D
The sea might be deep in “Into the Blue,” but everything else about the slick but silly adventure flick is as shallow as can be. If the idea of ogling Jessica Alba as she swims through turquoise Caribbean waters in an ultra-skimpy bikini appeals to you, or, alternately, of watching Paul Walker show off his pecs doing likewise (though in a regular, manly suit, of course), this glossy but brain-numbingly dumb movie might afford you some pleasure. Anyone else is likely to find the view a lot less appealing. This is a soggy mixture of treasure-hunt caper and drug-smuggling thriller, as narratively (and visually) murky toward the close as the ocean depths are clear at the beginning. And its characters are a thoroughly cardboard lot. Where’s Bruce the Shark when we really need him?
Matt Johnson’s script introduces Jared Cole (Walker) and Samantha “Sam” Nicholson (Alba) as a lovey-dovey couple living cheap in the Bahamas–he’s (for a few minutes at least, before chucking the job) a part-time member of a tour crew, but his real interest is in searching the ocean floor for old shipwrecks and the loot they contain. She’s a shark wrangler at a seaside park whose main interest is Jared, and they live together in a run-down trailer where he spends a good deal of his time trying to get his derelict boat back into condition to sail. The duo’s situation changes with the arrival of Jared’s pal Bryce Dunn (Scott Caan), a criminal defense attorney who comes for a visit trailed by his newest squeeze Amanda Collins (Ashley Scott), a striking blonde with, as it turns out, a drug habit. Bryce takes the group to the posh mansion his legal work has acquired for him, at least temporarily, and they all go out on the boat that comes along with it to frolic in the deep. It takes them no time at all to discover not only a few items from what might be an exciting (and valuable) old wreck but the remnants of a crashed plane that happens to contain a huge cache of cocaine. Bryce and Collins eye the drugs greedily, but straight-arrow Jared and Sam are concerned only with discovering the ship from which the treasures came. Unfortunately, pressure from the efforts of scumbag salvager Derek Bates (Josh Brolin) to beat Jared to the find eventually lead Bryce and Allison to take some of the stash from the plane to finance a real expedition, and when their plan goes awry, Jared is sucked into their scheme in order to save them, and before long one of the group is dead and the others threatened by the drug dealers whose plane they’d found. The last act features double-dealing, chases on sea and land, some damsel-in-distress hokum and complicated rescue razzmatazz, but it’s all so confusingly staged and sloppily shot that it’s frequently difficult to tell what’s going on. And there’s still that fabulous shipwreck on the bottom to deal with.

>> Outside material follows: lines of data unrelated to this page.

(* Let $k>1$ and let $f$ be a positive function, differentiable on $[0,1]$. Consider the planar system $$\frac{dI}{d\tau}=I\,[f(R)(1-I-R)-k],\qquad \frac{dR}{d\tau}=(k-1)I-R,$$ and let $(I^*,R^* )$ be an endemic equilibrium point of it such that $\frac{df}{dR}(R^* )\le 0$. Then $(I^*,R^* )$ is locally stable.
   Context: An endemic equilibrium is an equilibrium point $(I^*,R^* )$ of the system with $I^*>0$. "Locally stable" means locally asymptotically stable (both eigenvalues of the Jacobian at the point have negative real part). *)

theory Defs
  imports "HOL-Analysis.Analysis"
begin

definition field_I :: "(real \<Rightarrow> real) \<Rightarrow> real \<Rightarrow> real \<Rightarrow> real \<Rightarrow> real" where
  "field_I f k I R = I * (f R * (1 - I - R) - k)"

definition field_R :: "real \<Rightarrow> real \<Rightarrow> real \<Rightarrow> real" where
  "field_R k I R = (k - 1) * I - R"

text \<open>Equilibrium point of the system (lying in the domain R in [0,1] of f).\<close>

definition is_equilibrium :: "(real \<Rightarrow> real) \<Rightarrow> real \<Rightarrow> real \<Rightarrow> real \<Rightarrow> bool" where
  "is_equilibrium f k I R \<longleftrightarrow> R \<in> {0..1} \<and> field_I f k I R = 0 \<and> field_R k I R = 0"

definition is_endemic_equilibrium :: "(real \<Rightarrow> real) \<Rightarrow> real \<Rightarrow> real \<Rightarrow> real \<Rightarrow> bool" where
  "is_endemic_equilibrium f k I R \<longleftrightarrow> is_equilibrium f k I R \<and> I > 0"

definition jac11 :: "(real \<Rightarrow> real) \<Rightarrow> real \<Rightarrow> real \<Rightarrow> real \<Rightarrow> real" where
  "jac11 f k I R = deriv (\<lambda>x. field_I f k x R) I"
definition jac12 :: "(real \<Rightarrow> real) \<Rightarrow> real \<Rightarrow> real \<Rightarrow> real \<Rightarrow> real" where
  "jac12 f k I R = deriv (\<lambda>y. field_I f k I y) R"
definition jac21 :: "real \<Rightarrow> real \<Rightarrow> real \<Rightarrow> real" where
  "jac21 k I R = deriv (\<lambda>x. field_R k x R) I"
definition jac22 :: "real \<Rightarrow> real \<Rightarrow> real \<Rightarrow> real" where
  "jac22 k I R = deriv (\<lambda>y. field_R k I y) R"

definition jac_eigenvalue :: "(real \<Rightarrow> real) \<Rightarrow> real \<Rightarrow> real \<Rightarrow> real \<Rightarrow> complex \<Rightarrow> bool" where
  "jac_eigenvalue f k I R \<mu> \<longleftrightarrow>
     (of_real (jac11 f k I R) - \<mu>) * (of_real (jac22 k I R) - \<mu>)
       - of_real (jac12 f k I R) * of_real (jac21 k I R) = 0"

definition locally_stable :: "(real \<Rightarrow> real) \<Rightarrow> real \<Rightarrow> real \<Rightarrow> real \<Rightarrow> bool" where
  "locally_stable f k I R \<longleftrightarrow> (\<forall>\<mu>. jac_eigenvalue f k I R \<mu> \<longrightarrow> Re \<mu> < 0)"

end

theory Submission
  imports Defs
begin

text \<open>At an endemic equilibrium the relation f(R)(1 - I - R) = k reduces the Jacobian to
  J = [[-f(R) I, I (f'(R)(1 - I - R) - f(R))], [k - 1, -1]]. Its trace -f(R) I - 1 is negative, and
  its determinant f(R) I + (k - 1) I (f(R) - f'(R)(1 - I - R)) is positive because f'(R) \<le> 0 and
  1 - I - R > 0. A real 2x2 matrix with negative trace and positive determinant has both
  eigenvalues in the open left half plane.\<close>

lemma Re_root_neg_if_trace_neg_det_pos:
  fixes a b c e :: real and \<mu> :: complex
  assumes trace: "a + c < 0" and det: "a * c - b * e > 0"
    and root: "(of_real a - \<mu>) * (of_real c - \<mu>) - of_real b * of_real e = 0"
  shows "Re \<mu> < 0"
proof -
  obtain x y where \<mu>: "\<mu> = Complex x y" by (cases \<mu>)
  from root have re: "x * x - y * y - (a + c) * x + (a * c - b * e) = 0"
    and im: "y * (2 * x - (a + c)) = 0"
    by (auto simp: \<mu> complex_eq_iff algebra_simps)
  consider "y = 0" | "2 * x = a + c" using im by auto
  then show ?thesis
  proof cases
    case 1
    have "x * x - (a + c) * x + (a * c - b * e) > 0" if "x \<ge> 0"
      using that trace det by (smt (verit) mult_nonneg_nonneg mult_nonpos_nonneg)
    then show ?thesis using re 1 \<mu> by force
  next
    case 2
    then show ?thesis using trace \<mu> by simp
  qed
qed

lemma endemic_equilibrium_bounds:
  assumes "k > 1" and f_pos: "\<forall>x\<in>{0..1}. f x > 0" and "is_endemic_equilibrium f k I R"
  shows "I > 0" "R > 0" "R < 1" "f R > 0" "f R * (1 - I - R) = k" "1 - I - R > 0"
proof -
  have R01: "R \<in> {0..1}" and eq_I: "I * (f R * (1 - I - R) - k) = 0"
    and eq_R: "(k - 1) * I - R = 0" and I_pos: "I > 0"
    using assms(3)
    by (auto simp: is_endemic_equilibrium_def is_equilibrium_def field_I_def field_R_def)
  show "I > 0" using I_pos .
  show fR: "f R > 0" using f_pos R01 by blast
  show balance: "f R * (1 - I - R) = k" using eq_I I_pos by simp
  show "1 - I - R > 0"
  proof (rule ccontr)
    assume "\<not> 1 - I - R > 0"
    then have "f R * (1 - I - R) \<le> 0" using fR by (simp add: mult_nonneg_nonpos)
    then show False using balance \<open>k > 1\<close> by simp
  qed
  then show "R < 1" using I_pos by simp
  have "(k - 1) * I > 0" using I_pos \<open>k > 1\<close> by simp
  then show "0 < R" using eq_R by simp
qed

lemma jacobian_entries:
  assumes "(f has_real_derivative f') (at R)"
  shows "jac11 f k I R = f R * (1 - I - R) - k - f R * I"
    and "jac12 f k I R = I * (f' * (1 - I - R) - f R)"
    and "jac21 k I R = k - 1"
    and "jac22 k I R = -1"
proof -
  have "((\<lambda>x. x * (f R * (1 - x - R) - k)) has_real_derivative
      f R * (1 - I - R) - k - f R * I) (at I)"
    by (auto intro!: derivative_eq_intros simp: algebra_simps)
  then show "jac11 f k I R = f R * (1 - I - R) - k - f R * I"
    unfolding jac11_def field_I_def by (rule DERIV_imp_deriv)
  have "((\<lambda>y. I * (f y * (1 - I - y) - k)) has_real_derivative
      I * (f' * (1 - I - R) - f R)) (at R)"
    using assms by (auto intro!: derivative_eq_intros simp: algebra_simps)
  then show "jac12 f k I R = I * (f' * (1 - I - R) - f R)"
    unfolding jac12_def field_I_def by (rule DERIV_imp_deriv)
  show "jac21 k I R = k - 1" "jac22 k I R = -1"
    unfolding jac21_def jac22_def field_R_def
    by (rule DERIV_imp_deriv, auto intro!: derivative_eq_intros)+
qed

theorem corollary1:
  fixes f :: "real \<Rightarrow> real" and k Is Rs :: real
  assumes "k > 1"
    and "\<forall>x\<in>{0..1}. f x > 0"
    and "f differentiable_on {0..1}"
    and "is_endemic_equilibrium f k Is Rs"
    and "deriv f Rs \<le> 0"
  shows "locally_stable f k Is Rs"
proof -
  note eq = endemic_equilibrium_bounds[OF assms(1,2,4)]
  have "Rs \<in> interior {0..1}" using eq(2,3) by simp
  then have "f differentiable (at Rs)"
    using assms(3) by (metis at_within_interior differentiable_on_def interior_subset subsetD)
  then have J: "jac11 f k Is Rs = - f Rs * Is"
    "jac12 f k Is Rs = Is * (deriv f Rs * (1 - Is - Rs) - f Rs)"
    "jac21 k Is Rs = k - 1" "jac22 k Is Rs = -1"
    using jacobian_entries[of f "deriv f Rs" Rs k Is] eq(5)
    by (simp_all add: DERIV_deriv_iff_real_differentiable)
  have "deriv f Rs * (1 - Is - Rs) - f Rs < 0"
    using assms(5) eq(4,6) by (smt (verit) mult_nonpos_nonneg)
  then have "jac12 f k Is Rs * jac21 k Is Rs < 0"
    unfolding J using eq(1) assms(1) by (simp add: mult_pos_neg mult_neg_pos)
  moreover have "f Rs * Is > 0" using eq(1,4) by simp
  ultimately have "jac11 f k Is Rs + jac22 k Is Rs < 0"
    and "jac11 f k Is Rs * jac22 k Is Rs - jac12 f k Is Rs * jac21 k Is Rs > 0"
    unfolding J(1,4) by simp_all
  then show ?thesis
    unfolding locally_stable_def jac_eigenvalue_def
    using Re_root_neg_if_trace_neg_det_pos by blast
qed

end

“Into the Blue” is juvenile stuff, no more advanced from a plot standpoint than old Saturday-matinee serial fare. And the cast performs at about the level of those old chapter pieces, too. Caan is the most irritating of the bunch as the motor-mouth instigator of the scheme that puts everybody in danger, but Scott comes in a close second as his dippy, amoral partner in slime. As for Walker and Alba, both are easy on the eye and know how to pose both above and below the waves, but that’s about all they have to offer. Certainly their delivery of the lame dialogue leaves a good deal to be desired; a particularly memorable moment comes when Alba tries to deliver a line describing Amanda as a “coke whore,” with hilarious results. (It might even make you glad that later on, Alba has to spend a portion of the picture bound and–more importantly–gagged.) But master actors couldn’t have done much with this material: Jared and Sam are mere sketches rather than people, and it’s impossible to raise the faintest hint of concern or suspense about their fate. Brolin’s scowling villain is equally bland. Director John Stockwell, with the complicity of D.P. Shane Hurlbut, brings the same brand of splashiness he did to “Blue Crush” to this equally watery piece, but in the later reels the crystalline visuals of the opening sequences are jettisoned in favor of dark, gloomy underwater images. That’s probably an intentional shift in line with the change in narrative tone, but it doesn’t make the closing stages of the movie any easier to watch.
Filled with skin, sun and rolling waves, “Into the Blue” has a travel-brochure look that might afford some momentarily decent postage-card stills, but beneath the flashy surface it doesn’t have a shred of intelligence, and it sinks in a sea of lame writing and laughable performances. An exclamation one of its handsome but unlikable characters makes about another fits the movie as a whole: “Stupid, so stupid!”